The hardest judgment call isn't whether to start — it's whether to stop. Pivot or persist? The data tells you. You have to listen.
5% chance of success in the current direction. High churn. No referrals. Market has moved. That's not pessimism — it's data reading.
Sequence the pivot: maintain current customers while you test the new direction. Don't abandon — test. An 8-week sprint with kill criteria.

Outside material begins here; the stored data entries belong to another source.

lemma measure_mult_norm_le_L2_dist_fiber:
  fixes \<Omega>1 :: "'a::euclidean_space set" and S :: "('a \<times> 'b::euclidean_space) set"
  assumes \<Omega>1: "\<Omega>1 \<in> sets lebesgue" "emeasure lebesgue \<Omega>1 < \<infinity>"
    and S: "finite S"
    and orth: "\<And>p. p \<in> S \<Longrightarrow> fst p \<noteq> l1 \<Longrightarrow> L2_inner \<Omega>1 (expo l1) (expo (fst p)) = 0"
  shows "measure lebesgue \<Omega>1 * (norm (a - (\<Sum>\<xi>\<in>Pair l1 -` S. c (l1, \<xi>) * expo \<xi> y)))\<^sup>2 \<le>
    (LINT x:\<Omega>1|lebesgue. (norm (expo l1 x * a - (\<Sum>p\<in>S. c p * expo p (x, y))))\<^sup>2)"
proof -
  define g where "g = (\<Sum>\<xi>\<in>Pair l1 -` S. c (l1, \<xi>) * expo \<xi> y)"
  define S0 where "S0 = {p \<in> S. fst p \<noteq> l1}"
  have split: "(\<Sum>p\<in>S. c p * expo p (x, y)) =
      expo l1 x * g + (\<Sum>p\<in>S0. (c p * expo (snd p) y) * expo (fst p) x)" for x
  proof -
    have "(\<Sum>p\<in>S. c p * expo p (x, y)) =
        (\<Sum>p\<in>{p \<in> S. fst p = l1}. c p * expo p (x, y)) + (\<Sum>p\<in>S0. c p * expo p (x, y))"
      unfolding S0_def using S by (subst sum.union_disjoint[symmetric]) (auto intro: sum.cong)
    also have "(\<Sum>p\<in>{p \<in> S. fst p = l1}. c p * expo p (x, y)) = expo l1 x * g"
      unfolding g_def sum_distrib_left
      by (rule sum.reindex_cong[where l="Pair l1"]) (auto simp: inj_on_def expo_pair[of "(_, _)"] algebra_simps)
    finally show ?thesis
      by (simp add: expo_pair[of _ "(_, _)"] algebra_simps)
  qed
  have "measure lebesgue \<Omega>1 * (norm (a - g))\<^sup>2 \<le>
      (LINT x:\<Omega>1|lebesgue. (norm ((a - g) * expo l1 x - (\<Sum>p\<in>S0. (c p * expo (snd p) y) * expo (fst p) x)))\<^sup>2)"
    using S orth by (intro measure_mult_norm_le_L2_dist_orthogonal[OF \<Omega>1]) (auto simp: S0_def)
  also have "\<dots> = (LINT x:\<Omega>1|lebesgue. (norm (expo l1 x * a - (\<Sum>p\<in>S. c p * expo p (x, y))))\<^sup>2)"
    by (simp add: split algebra_simps)
  finally show ?thesis
    unfolding g_def .
qed

lemma measure_mult_L2_dist_le_L2_dist_Times:
  fixes \<Omega>1 :: "'a::euclidean_space set" and \<Omega>2 :: "'b::euclidean_space set"
  assumes \<Omega>1: "\<Omega>1 \<in> sets lebesgue" "emeasure lebesgue \<Omega>1 < \<infinity>"
    and \<Omega>2: "\<Omega>2 \<in> sets lebesgue" "emeasure lebesgue \<Omega>2 < \<infinity>"
    and f: "square_integrable \<Omega>2 f" and S: "finite S"
    and orth: "\<And>p. p \<in> S \<Longrightarrow> fst p \<noteq> l1 \<Longrightarrow> L2_inner \<Omega>1 (expo l1) (expo (fst p)) = 0"
  shows "measure lebesgue \<Omega>1 *
      (LINT y:\<Omega>2|lebesgue. (norm (f y - (\<Sum>\<xi>\<in>Pair l1 -` S. c (l1, \<xi>) * expo \<xi> y)))\<^sup>2) \<le>
    (LINT z:\<Omega>1 \<times> \<Omega>2|lebesgue. (norm (expo l1 (fst z) * f (snd z) - (\<Sum>p\<in>S. c p * expo p z)))\<^sup>2)"
proof -
  have [measurable]: "f \<in> borel_measurable lebesgue"
    using f unfolding square_integrable_def by simp
  define F where "F z = expo l1 (fst z) * f (snd z)" for z
  define g where "g y = (\<Sum>\<xi>\<in>Pair l1 -` S. c (l1, \<xi>) * expo \<xi> y)" for y
  have \<Omega>12: "\<Omega>1 \<times> \<Omega>2 \<in> sets lebesgue" "emeasure lebesgue (\<Omega>1 \<times> \<Omega>2) < \<infinity>"
    using \<Omega>1 \<Omega>2
    by (simp_all add: sets_lebesgue_Times emeasure_lebesgue_Times ennreal_mult_less_top del: emeasure_completion)
  have "square_integrable (\<Omega>1 \<times> \<Omega>2) F"
    unfolding F_def using \<Omega>1(1) \<Omega>2(1) square_integrable_expo[OF \<Omega>1] f
    by (rule square_integrable_Times_mult)
  then have "square_integrable (\<Omega>1 \<times> \<Omega>2) (\<lambda>z. F z - (\<Sum>p\<in>S. c p * expo p z))"
    using \<Omega>12(1) square_integrable_expo_sum[OF \<Omega>12] by (intro square_integrable_diff)
  then have dist_int: "set_integrable lebesgue (\<Omega>1 \<times> \<Omega>2) (\<lambda>z. (norm (F z - (\<Sum>p\<in>S. c p * expo p z)))\<^sup>2)"
    unfolding square_integrable_def by simp
  have "square_integrable \<Omega>2 (\<lambda>y. f y - g y)"
    unfolding g_def using \<Omega>2(1) f square_integrable_expo_sum[OF \<Omega>2] by (rule square_integrable_diff)
  then have fiber_dist_int:
      "set_integrable lebesgue \<Omega>2 (\<lambda>y. measure lebesgue \<Omega>1 * (norm (f y - g y))\<^sup>2)"
    unfolding square_integrable_def by simp
  have "(LINT y:\<Omega>2|lebesgue. measure lebesgue \<Omega>1 * (norm (f y - g y))\<^sup>2) \<le>
      (LINT z:\<Omega>1 \<times> \<Omega>2|lebesgue. (norm (F z - (\<Sum>p\<in>S. c p * expo p z)))\<^sup>2)"
  proof (rule set_integral_Times_ge[OF \<Omega>1(1) \<Omega>2(1) _ dist_int fiber_dist_int])
    show "(\<lambda>z. (norm (F z - (\<Sum>p\<in>S. c p * expo p z)))\<^sup>2) \<in> borel_measurable (lebesgue \<Otimes>\<^sub>M lebesgue)"
      unfolding F_def by measurable
    show "measure lebesgue \<Omega>1 * (norm (f y - g y))\<^sup>2 \<le>
        (LINT x:\<Omega>1|lebesgue. (norm (F (x, y) - (\<Sum>p\<in>S. c p * expo p (x, y))))\<^sup>2)" for y
      unfolding g_def F_def fst_conv snd_conv
      by (rule measure_mult_norm_le_L2_dist_fiber[OF \<Omega>1 S orth])
  qed
  then show ?thesis
    unfolding F_def g_def by simp
qed

section \<open>Fibres of a spectral set\<close>

lemma exps_orthogonal_fiber:
  fixes \<Omega>1 :: "'a::euclidean_space set" and \<Omega>2 :: "'b::euclidean_space set"
  assumes \<Omega>1: "\<Omega>1 \<in> sets lebesgue" "0 < emeasure lebesgue \<Omega>1" "emeasure lebesgue \<Omega>1 < \<infinity>"
    and \<Omega>2: "\<Omega>2 \<in> sets lebesgue" "emeasure lebesgue \<Omega>2 < \<infinity>"
    and orth: "exps_orthogonal (\<Omega>1 \<times> \<Omega>2) \<Lambda>"
  shows "exps_orthogonal \<Omega>2 {l2. (l1, l2) \<in> \<Lambda>}"
  unfolding exps_orthogonal_def
proof (intro ballI impI)
  fix \<xi> \<eta> assume "\<xi> \<in> {l2. (l1, l2) \<in> \<Lambda>}" "\<eta> \<in> {l2. (l1, l2) \<in> \<Lambda>}" "\<xi> \<noteq> \<eta>"
  then have "L2_inner (\<Omega>1 \<times> \<Omega>2) (expo (l1, \<xi>)) (expo (l1, \<eta>)) = 0"
    using orth unfolding exps_orthogonal_def by simp
  then have "measure lebesgue \<Omega>1 * L2_inner \<Omega>2 (expo \<xi>) (expo \<eta>) = 0"
    by (simp only: L2_inner_expo_Times[OF \<Omega>1(1,3) \<Omega>2] L2_inner_expo_self[OF \<Omega>1(1,3)])
  moreover have "0 < measure lebesgue \<Omega>1"
    using \<Omega>1(2,3) by (rule measure_pos_if_emeasure_pos)
  ultimately show "L2_inner \<Omega>2 (expo \<xi>) (expo \<eta>) = 0"
    by simp
qed

lemma orthogonal_if_exps_total_fiber:
  fixes \<Omega>1 :: "'a::euclidean_space set" and \<Omega>2 :: "'b::euclidean_space set"
  assumes \<Omega>1: "\<Omega>1 \<in> sets lebesgue" "emeasure lebesgue \<Omega>1 < \<infinity>"
    and \<Omega>2: "\<Omega>2 \<in> sets lebesgue" "0 < emeasure lebesgue \<Omega>2" "emeasure lebesgue \<Omega>2 < \<infinity>"
    and orth: "exps_orthogonal (\<Omega>1 \<times> \<Omega>2) \<Lambda>"
    and total: "exps_total \<Omega>2 {l2. (l1, l2) \<in> \<Lambda>}"
    and l1': "(l1', \<xi>') \<in> \<Lambda>" "l1' \<noteq> l1"
  shows "L2_inner \<Omega>1 (expo l1) (expo l1') = 0"
proof (rule ccontr)
  assume nonzero: "L2_inner \<Omega>1 (expo l1) (expo l1') \<noteq> 0"
  have fiber_orth: "L2_inner \<Omega>2 (expo \<xi>') (expo \<xi>) = 0" if "(l1, \<xi>) \<in> \<Lambda>" for \<xi>
  proof -
    have "L2_inner (\<Omega>1 \<times> \<Omega>2) (expo (l1', \<xi>')) (expo (l1, \<xi>)) = 0"
      using orth that l1' unfolding exps_orthogonal_def by simp
    then have "L2_inner \<Omega>1 (expo l1') (expo l1) * L2_inner \<Omega>2 (expo \<xi>') (expo \<xi>) = 0"
      by (simp only: L2_inner_expo_Times[OF \<Omega>1 \<Omega>2(1,3)])
    moreover have "L2_inner \<Omega>1 (expo l1') (expo l1) \<noteq> 0"
      using nonzero by (subst L2_inner_expo_commute) simp
    ultimately show ?thesis
      by simp
  qed
  define m2 where "m2 = measure lebesgue \<Omega>2"
  have "0 < m2"
    unfolding m2_def using \<Omega>2(2,3) by (rule measure_pos_if_emeasure_pos)
  moreover have "square_integrable \<Omega>2 (expo \<xi>')"
    using \<Omega>2(1,3) by (rule square_integrable_expo)
  ultimately obtain S c where S: "finite S" "S \<subseteq> {l2. (l1, l2) \<in> \<Lambda>}"
    and approx: "(LINT x:\<Omega>2|lebesgue. (norm (expo \<xi>' x - (\<Sum>\<xi>\<in>S. c \<xi> * expo \<xi> x)))\<^sup>2) < m2"
    using total[unfolded exps_total_def, rule_format] by meson
  have "m2 * (norm (1::complex))\<^sup>2 \<le>
      (LINT x:\<Omega>2|lebesgue. (norm (1 * expo \<xi>' x - (\<Sum>\<xi>\<in>S. c \<xi> * expo \<xi> x)))\<^sup>2)"
    unfolding m2_def
    by (rule measure_mult_norm_le_L2_dist_orthogonal[OF \<Omega>2(1,3) S(1), where k="\<lambda>\<xi>. \<xi>"])
      (use S(2) fiber_orth in blast)
  then have "m2 \<le> (LINT x:\<Omega>2|lebesgue. (norm (expo \<xi>' x - (\<Sum>\<xi>\<in>S. c \<xi> * expo \<xi> x)))\<^sup>2)"
    by (simp only: norm_one power_one mult_1_left mult_1_right)
  with approx show False
    by linarith
qed

lemma exps_total_fiber_if_orthogonal:
  fixes \<Omega>1 :: "'a::euclidean_space set" and \<Omega>2 :: "'b::euclidean_space set"
  assumes \<Omega>1: "\<Omega>1 \<in> sets lebesgue" "0 < emeasure lebesgue \<Omega>1" "emeasure lebesgue \<Omega>1 < \<infinity>"
    and \<Omega>2: "\<Omega>2 \<in> sets lebesgue" "emeasure lebesgue \<Omega>2 < \<infinity>"
    and total: "exps_total (\<Omega>1 \<times> \<Omega>2) \<Lambda>"
    and orth: "\<forall>l1' \<in> fst ` \<Lambda> - {l1}. L2_inner \<Omega>1 (expo l1) (expo l1') = 0"
  shows "exps_total \<Omega>2 {l2. (l1, l2) \<in> \<Lambda>}"
  unfolding exps_total_def
proof (intro allI impI)
  fix f :: "'b \<Rightarrow> complex" and \<epsilon> :: real
  assume f: "square_integrable \<Omega>2 f" and "0 < \<epsilon>"
  define m1 where "m1 = measure lebesgue \<Omega>1"
  have "0 < m1"
    unfolding m1_def using \<Omega>1(2,3) by (rule measure_pos_if_emeasure_pos)
  have "square_integrable (\<Omega>1 \<times> \<Omega>2) (\<lambda>z. expo l1 (fst z) * f (snd z))"
    using \<Omega>1(1) \<Omega>2(1) square_integrable_expo[OF \<Omega>1(1,3)] f by (rule square_integrable_Times_mult)
  then obtain S c where S: "finite S" "S \<subseteq> \<Lambda>" and approx:
      "(LINT z:\<Omega>1 \<times> \<Omega>2|lebesgue. (norm (expo l1 (fst z) * f (snd z) - (\<Sum>p\<in>S. c p * expo p z)))\<^sup>2)
        < m1 * \<epsilon>"
    using total[unfolded exps_total_def, rule_format] \<open>0 < \<epsilon>\<close> \<open>0 < m1\<close> by (meson mult_pos_pos)
  have "L2_inner \<Omega>1 (expo l1) (expo (fst p)) = 0" if "p \<in> S" "fst p \<noteq> l1" for p
    using that S(2) orth by force
  then have "m1 * (LINT y:\<Omega>2|lebesgue. (norm (f y - (\<Sum>\<xi>\<in>Pair l1 -` S. c (l1, \<xi>) * expo \<xi> y)))\<^sup>2)
      \<le> (LINT z:\<Omega>1 \<times> \<Omega>2|lebesgue. (norm (expo l1 (fst z) * f (snd z) - (\<Sum>p\<in>S. c p * expo p z)))\<^sup>2)"
    unfolding m1_def by (rule measure_mult_L2_dist_le_L2_dist_Times[OF \<Omega>1(1,3) \<Omega>2 f S(1)])
  with approx have "m1 * (LINT y:\<Omega>2|lebesgue. (norm (f y - (\<Sum>\<xi>\<in>Pair l1 -` S. c (l1, \<xi>) * expo \<xi> y)))\<^sup>2)
      < m1 * \<epsilon>"
    by linarith
  then have "(LINT y:\<Omega>2|lebesgue. (norm (f y - (\<Sum>\<xi>\<in>Pair l1 -` S. c (l1, \<xi>) * expo \<xi> y)))\<^sup>2) < \<epsilon>"
    using \<open>0 < m1\<close> by simp
  moreover have "finite (Pair l1 -` S)"
    using S(1) by (rule finite_vimageI) (simp add: inj_on_def)
  moreover have "Pair l1 -` S \<subseteq> {l2. (l1, l2) \<in> \<Lambda>}"
    using S(2) by blast
  ultimately show "\<exists>S c. finite S \<and> S \<subseteq> {l2. (l1, l2) \<in> \<Lambda>} \<and>
      (LINT y:\<Omega>2|lebesgue. (norm (f y - (\<Sum>\<xi>\<in>S. c \<xi> * expo \<xi> y)))\<^sup>2) < \<epsilon>"
    by (intro exI[of _ "Pair l1 -` S"] exI[of _ "\<lambda>\<xi>. c (l1, \<xi>)"] conjI)
qed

Name your non-goals: you're not trying to recover sunk costs. You're not trying to prove the original vision was right. You're trying to find what works.
The pitfall: confusing persistence with stubbornness. Persistence follows evidence. Stubbornness ignores it. Know which one you're practicing.
A structured pivot is not abandonment — it's wisdom. You're not giving up on success. You're updating your map toward it.
Today's lesson: a structured pivot isn't abandonment — it's wisdom. Now apply it to something in your work or career that might need one.
Today's exercise: think of something in your work or career that might need a pivot. Run through 3 key questions honestly.
Question 1: What does the data say? Not what you hoped. Not what you believed at the start. What are the actual numbers telling you right now?
Question 2: What would disconfirming evidence look like? Then Question 3: What 8-week structured test could you run to find out?
Write your answers. Then decide: are you currently persisting on evidence — or persisting on hope? One word answer. Be honest with yourself.
Golden rays from the center — your compass now illuminates the path ahead, not just where you've been. That's the gift of honest pivoting.